(* Let $k\ge 2$ be an integer. Assume that for every integer $d$ with $2\le d\le k$, every $\mathcal{T}\in\mathrm{Sym}(2,d)$ has a symmetric best rank one approximation. Then for every integer $n\ge 3$ and every integer $d$ with $2\le d\le k$, every $\mathcal{T}\in\mathrm{Sym}(n,d)$ has a symmetric best rank one approximation.
   Context: $\mathrm{Sym}(n,d)$ is the space of real tensors $[t_{i_1,\ldots,i_d}]_{i_1,\ldots,i_d=1}^n$ invariant under all permutations of indices. Norm $\|\mathcal{T}\|=\sqrt{\sum t_{i_1,\ldots,i_d}^2}$; $\mathrm{S}^{n-1}$ is the Euclidean unit sphere in $\mathbb{R}^n$. A best rank one approximation of $\mathcal{T}$ is a tensor $a\,\mathbf{u}_1\otimes\cdots\otimes\mathbf{u}_d$ ($a\in\mathbb{R}$, $\mathbf{u}_j\in\mathrm{S}^{n-1}$) minimizing $\|\mathcal{T}-s\,\mathbf{x}_1\otimes\cdots\otimes\mathbf{x}_d\|$ over $s\in\mathbb{R}$, $\mathbf{x}_j\in\mathrm{S}^{n-1}$; it is symmetric if it is of the form $b\,\mathbf{u}\otimes\cdots\otimes\mathbf{u}$. *)

theory Defs
  imports Complex_Main "HOL-Combinatorics.Permutations"
begin

text \<open>A tensor of order d over R^n is a function on index lists xs of length d
  with entries in {0..<n} (values outside this index set are irrelevant).\<close>

definition idx :: "nat \<Rightarrow> nat \<Rightarrow> nat list set" where
  "idx n d = {xs. length xs = d \<and> set xs \<subseteq> {..<n}}"

definition sym_tensor :: "nat \<Rightarrow> nat \<Rightarrow> (nat list \<Rightarrow> real) \<Rightarrow> bool" where
  "sym_tensor n d T = (\<forall>xs\<in>idx n d. \<forall>p. p permutes {..<d} \<longrightarrow> T (permute_list p xs) = T xs)"

definition tnorm :: "nat \<Rightarrow> nat \<Rightarrow> (nat list \<Rightarrow> real) \<Rightarrow> real" where
  "tnorm n d T = sqrt (\<Sum>xs\<in>idx n d. (T xs)\<^sup>2)"

definition unit_vec :: "nat \<Rightarrow> (nat \<Rightarrow> real) \<Rightarrow> bool" where
  "unit_vec n u = ((\<Sum>i<n. (u i)\<^sup>2) = 1)"

definition rank_one :: "nat \<Rightarrow> real \<Rightarrow> (nat \<Rightarrow> nat \<Rightarrow> real) \<Rightarrow> nat list \<Rightarrow> real" where
  "rank_one d s x = (\<lambda>xs. s * (\<Prod>j<d. x j (xs ! j)))"

definition best_rank_one ::
  "nat \<Rightarrow> nat \<Rightarrow> (nat list \<Rightarrow> real) \<Rightarrow> real \<Rightarrow> (nat \<Rightarrow> nat \<Rightarrow> real) \<Rightarrow> bool" where
  "best_rank_one n d T a u =
     ((\<forall>j<d. unit_vec n (u j)) \<and>
      (\<forall>s x. (\<forall>j<d. unit_vec n (x j)) \<longrightarrow>
         tnorm n d (\<lambda>xs. T xs - rank_one d a u xs) \<le> tnorm n d (\<lambda>xs. T xs - rank_one d s x xs)))"

definition has_sym_best_rank_one :: "nat \<Rightarrow> nat \<Rightarrow> (nat list \<Rightarrow> real) \<Rightarrow> bool" where
  "has_sym_best_rank_one n d T = (\<exists>b v. unit_vec n v \<and> best_rank_one n d T b (\<lambda>_. v))"

end

theory Submission
  imports Defs "HOL-Analysis.Analysis"
begin

text \<open>
  For unit vectors x_1, ..., x_d the squared error of the approximation s x_1 \<otimes> ... \<otimes> x_d
  is ||T||^2 - 2 s T(x_1,...,x_d) + s^2. Hence best rank one approximations are the maximisers of
  |T(x_1,...,x_d)| over unit vectors, and a symmetric one exists as soon as the maximum of
  |T(v,...,v)| over the sphere, which is attained by compactness, dominates every |T(x_1,...,x_d)|.
  This is shown by induction on d: contracting the last slot with x_d gives a symmetric tensor of
  order d-1, for which the induction hypothesis replaces x_1, ..., x_(d-1) by a single vector w.
  The resulting tuple takes only the two values w and x_d, so restricting T to their span yields a
  tensor in Sym(2,d), where the hypothesis provides a dominating diagonal argument.
\<close>

definition tensor_form :: "nat \<Rightarrow> nat \<Rightarrow> (nat list \<Rightarrow> real) \<Rightarrow> (nat \<Rightarrow> nat \<Rightarrow> real) \<Rightarrow> real" where
  "tensor_form n d T x = (\<Sum>xs\<in>idx n d. T xs * (\<Prod>j<d. x j (xs!j)))"

text \<open>Symmetry of the multilinear form rather than of the coefficients: unlike \<open>sym_tensor\<close>,
  it passes directly to contractions.\<close>

definition form_symmetric :: "nat \<Rightarrow> nat \<Rightarrow> (nat list \<Rightarrow> real) \<Rightarrow> bool" where
  "form_symmetric n d T = (\<forall>x p. p permutes {..<d} \<longrightarrow> tensor_form n d T (x \<circ> p) = tensor_form n d T x)"

definition contract :: "nat \<Rightarrow> (nat list \<Rightarrow> real) \<Rightarrow> (nat \<Rightarrow> real) \<Rightarrow> nat list \<Rightarrow> real" where
  "contract n T y zs = (\<Sum>i<n. T (zs @ [i]) * y i)"

lemma finite_idx [simp]: "finite (idx n d)"
proof -
  have "idx n d = {xs. set xs \<subseteq> {..<n} \<and> length xs = d}" by (auto simp: idx_def)
  then show ?thesis using finite_lists_length_eq[of "{..<n}" d] by simp
qed

lemma idx_nth_less: "xs \<in> idx n d \<Longrightarrow> j < d \<Longrightarrow> xs ! j < n"
  using nth_mem by (fastforce simp: idx_def)

lemma idx_Suc: "idx n (Suc d) = (\<lambda>(zs, i). zs @ [i]) ` (idx n d \<times> {..<n})"
proof (rule set_eqI, rule iffI)
  fix xs assume "xs \<in> idx n (Suc d)"
  then have l: "length xs = Suc d" "set xs \<subseteq> {..<n}" by (auto simp: idx_def)
  then obtain zs i where "xs = zs @ [i]" by (metis length_Suc_conv_rev)
  with l show "xs \<in> (\<lambda>(zs, i). zs @ [i]) ` (idx n d \<times> {..<n})"
    by (auto simp: idx_def image_iff)
qed (auto simp: idx_def)

lemma sum_idx_Suc: "(\<Sum>xs\<in>idx n (Suc d). h xs) = (\<Sum>zs\<in>idx n d. \<Sum>i<n. h (zs @ [i]))"
proof -
  have "inj_on (\<lambda>(zs, i). zs @ [i]) (idx n d \<times> {..<n})" by (auto simp: inj_on_def)
  then have "(\<Sum>xs\<in>idx n (Suc d). h xs) = (\<Sum>(zs, i)\<in>idx n d \<times> {..<n}. h (zs @ [i]))"
    unfolding idx_Suc by (simp add: sum.reindex split_def)
  then show ?thesis by (simp add: sum.cartesian_product)
qed

lemma prod_lessThan_Suc_append:
  "length zs = d \<Longrightarrow> (\<Prod>j<Suc d. g j ((zs @ [i]) ! j)) = (\<Prod>j<d. g j (zs ! j)) * g d i"
  by (auto simp: nth_append intro!: prod.cong)

lemma sum_idx_prod: "(\<Sum>xs\<in>idx n d. \<Prod>j<d. (g :: nat \<Rightarrow> nat \<Rightarrow> real) j (xs ! j)) = (\<Prod>j<d. \<Sum>i<n. g j i)"
proof (induction d)
  case 0
  have "idx n 0 = {[]}" by (auto simp: idx_def)
  then show ?case by simp
next
  case (Suc d)
  have "(\<Sum>xs\<in>idx n (Suc d). \<Prod>j<Suc d. g j (xs ! j))
      = (\<Sum>zs\<in>idx n d. \<Sum>i<n. (\<Prod>j<d. g j (zs ! j)) * g d i)"
    unfolding sum_idx_Suc by (intro sum.cong refl prod_lessThan_Suc_append) (simp add: idx_def)
  also have "\<dots> = (\<Sum>zs\<in>idx n d. \<Prod>j<d. g j (zs ! j)) * (\<Sum>i<n. g d i)"
    by (simp add: sum_product)
  finally show ?case using Suc by simp
qed

lemma tensor_form_cong:
  "(\<And>j i. j < d \<Longrightarrow> i < n \<Longrightarrow> x j i = x' j i) \<Longrightarrow> tensor_form n d T x = tensor_form n d T x'"
  unfolding tensor_form_def by (intro sum.cong refl arg_cong[where f = "\<lambda>a. _ * a"] prod.cong)
    (auto dest: idx_nth_less)

lemma tensor_form_scale: "tensor_form n d T (\<lambda>j i. a j * x j i) = (\<Prod>j<d. a j) * tensor_form n d T x"
  unfolding tensor_form_def by (simp add: sum_distrib_left prod.distrib algebra_simps)

lemma tensor_form_change_basis:
  "tensor_form n d T (\<lambda>j i. \<Sum>k<m. A j k * E k i)
     = tensor_form m d (\<lambda>ks. tensor_form n d T (\<lambda>j. E (ks ! j))) A"
proof -
  have "tensor_form n d T (\<lambda>j i. \<Sum>k<m. A j k * E k i)
      = (\<Sum>xs\<in>idx n d. T xs * (\<Sum>ks\<in>idx m d. \<Prod>j<d. A j (ks ! j) * E (ks ! j) (xs ! j)))"
    unfolding tensor_form_def by (simp add: sum_idx_prod[symmetric])
  also have "\<dots> = (\<Sum>ks\<in>idx m d. \<Sum>xs\<in>idx n d.
                     (\<Prod>j<d. A j (ks ! j)) * (T xs * (\<Prod>j<d. E (ks ! j) (xs ! j))))"
    by (subst sum.swap) (simp add: sum_distrib_left prod.distrib algebra_simps)
  also have "\<dots> = tensor_form m d (\<lambda>ks. tensor_form n d T (\<lambda>j. E (ks ! j))) A"
    unfolding tensor_form_def by (simp add: sum_distrib_left algebra_simps)
  finally show ?thesis .
qed

lemma tensor_form_Suc: "tensor_form n (Suc d) T x = tensor_form n d (contract n T (x d)) x"
proof -
  have "tensor_form n (Suc d) T x
      = (\<Sum>zs\<in>idx n d. \<Sum>i<n. T (zs @ [i]) * ((\<Prod>j<d. x j (zs ! j)) * x d i))"
    unfolding tensor_form_def sum_idx_Suc
    by (intro sum.cong refl arg_cong[where f = "\<lambda>a. _ * a"] prod_lessThan_Suc_append)
      (simp add: idx_def)
  then show ?thesis
    unfolding tensor_form_def contract_def by (simp add: sum_distrib_left sum_distrib_right mult_ac)
qed

lemma tnorm_sq: "(tnorm n d T)\<^sup>2 = (\<Sum>xs\<in>idx n d. (T xs)\<^sup>2)"
  by (simp add: tnorm_def sum_nonneg)

lemma tnorm_le_iff_sq: "tnorm n d A \<le> tnorm n d B \<longleftrightarrow> (tnorm n d A)\<^sup>2 \<le> (tnorm n d B)\<^sup>2"
  by (simp add: tnorm_def sum_nonneg)

lemma tnorm_diff_rank_one_sq:
  assumes "\<forall>j<d. unit_vec n (x j)"
  shows "(tnorm n d (\<lambda>xs. T xs - rank_one d s x xs))\<^sup>2
           = (tnorm n d T)\<^sup>2 - 2 * s * tensor_form n d T x + s\<^sup>2"
proof -
  have "(\<Sum>xs\<in>idx n d. (\<Prod>j<d. x j (xs ! j))\<^sup>2) = (\<Sum>xs\<in>idx n d. \<Prod>j<d. (x j (xs ! j))\<^sup>2)"
    by (simp add: prod_power_distrib)
  also have "\<dots> = (\<Prod>j<d. \<Sum>i<n. (x j i)\<^sup>2)"
    by (rule sum_idx_prod)
  also have "\<dots> = 1" using assms by (simp add: unit_vec_def)
  finally have rank_one_sq: "(\<Sum>xs\<in>idx n d. (\<Prod>j<d. x j (xs ! j))\<^sup>2) = 1" .
  have "(\<Sum>xs\<in>idx n d. (T xs - rank_one d s x xs)\<^sup>2)
      = (\<Sum>xs\<in>idx n d. (T xs)\<^sup>2 - 2 * s * (T xs * (\<Prod>j<d. x j (xs ! j)))
                        + s\<^sup>2 * (\<Prod>j<d. x j (xs ! j))\<^sup>2)"
    unfolding rank_one_def by (intro sum.cong refl) (simp add: power2_eq_square algebra_simps)
  then show ?thesis
    by (simp add: tnorm_sq tensor_form_def rank_one_sq sum.distrib sum_subtractf
        sum_distrib_left[symmetric])
qed

lemma best_rank_one_tensor_form_le:
  assumes "best_rank_one n d T a u" "\<forall>j<d. unit_vec n (x j)"
  shows "(tensor_form n d T x)\<^sup>2 \<le> (tensor_form n d T u)\<^sup>2"
proof -
  have "\<forall>j<d. unit_vec n (u j)" using assms(1) by (simp add: best_rank_one_def)
  moreover have "(tnorm n d (\<lambda>xs. T xs - rank_one d a u xs))\<^sup>2
      \<le> (tnorm n d (\<lambda>xs. T xs - rank_one d (tensor_form n d T x) x xs))\<^sup>2"
    using assms by (simp add: best_rank_one_def flip: tnorm_le_iff_sq)
  ultimately have "- 2 * a * tensor_form n d T u + a\<^sup>2 \<le> - (tensor_form n d T x)\<^sup>2"
    using tnorm_diff_rank_one_sq[OF assms(2)] tnorm_diff_rank_one_sq[of d n u]
    by (simp add: power2_eq_square)
  moreover have "0 \<le> (a - tensor_form n d T u)\<^sup>2" by simp
  ultimately show ?thesis by (simp add: power2_eq_square algebra_simps)
qed

lemma has_sym_best_rank_one_if_max:
  assumes "unit_vec n v"
    and "\<And>x. \<forall>j<d. unit_vec n (x j) \<Longrightarrow> (tensor_form n d T x)\<^sup>2 \<le> (tensor_form n d T (\<lambda>_. v))\<^sup>2"
  shows "has_sym_best_rank_one n d T"
  unfolding has_sym_best_rank_one_def best_rank_one_def
proof (intro exI conjI allI impI)
  fix s x assume x: "\<forall>j<d. unit_vec n (x j)"
  let ?b = "tensor_form n d T (\<lambda>_. v)" and ?f = "tensor_form n d T x"
  have "?f\<^sup>2 \<le> ?b\<^sup>2" using assms(2) x .
  moreover have "2 * s * ?f \<le> s\<^sup>2 + ?f\<^sup>2"
    using power2_diff[of s ?f] zero_le_power2[of "s - ?f"] by linarith
  moreover have "(tnorm n d (\<lambda>xs. T xs - rank_one d ?b (\<lambda>_. v) xs))\<^sup>2 = (tnorm n d T)\<^sup>2 - ?b\<^sup>2"
    using tnorm_diff_rank_one_sq[of d n "\<lambda>_. v"] assms(1) by (simp add: power2_eq_square)
  ultimately have "(tnorm n d (\<lambda>xs. T xs - rank_one d ?b (\<lambda>_. v) xs))\<^sup>2
      \<le> (tnorm n d (\<lambda>xs. T xs - rank_one d s x xs))\<^sup>2"
    using tnorm_diff_rank_one_sq[OF x, of T s] by linarith
  then show "tnorm n d (\<lambda>xs. T xs - rank_one d ?b (\<lambda>_. v) xs)
      \<le> tnorm n d (\<lambda>xs. T xs - rank_one d s x xs)"
    by (simp add: tnorm_le_iff_sq)
qed (use assms(1) in auto)

lemma permute_list_idx: "p permutes {..<d} \<Longrightarrow> xs \<in> idx n d \<Longrightarrow> permute_list p xs \<in> idx n d"
  by (simp add: idx_def)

• _WORK TO COMPLETE_
Whatever else the listing above holds, retype exactly only the lines from the one containing "unfolding tensor_form_def by (simp add: sum_idx_prod[symmetric])" to the one containing "unfolding tensor_form_def sum_idx_Suc", both ends kept.

• _ANSWER SECTION_
    unfolding tensor_form_def by (simp add: sum_idx_prod[symmetric])
  also have "\<dots> = (\<Sum>ks\<in>idx m d. \<Sum>xs\<in>idx n d.
                     (\<Prod>j<d. A j (ks ! j)) * (T xs * (\<Prod>j<d. E (ks ! j) (xs ! j))))"
    by (subst sum.swap) (simp add: sum_distrib_left prod.distrib algebra_simps)
  also have "\<dots> = tensor_form m d (\<lambda>ks. tensor_form n d T (\<lambda>j. E (ks ! j))) A"
    unfolding tensor_form_def by (simp add: sum_distrib_left algebra_simps)
  finally show ?thesis .
qed

lemma tensor_form_Suc: "tensor_form n (Suc d) T x = tensor_form n d (contract n T (x d)) x"
proof -
  have "tensor_form n (Suc d) T x
      = (\<Sum>zs\<in>idx n d. \<Sum>i<n. T (zs @ [i]) * ((\<Prod>j<d. x j (zs ! j)) * x d i))"
    unfolding tensor_form_def sum_idx_Suc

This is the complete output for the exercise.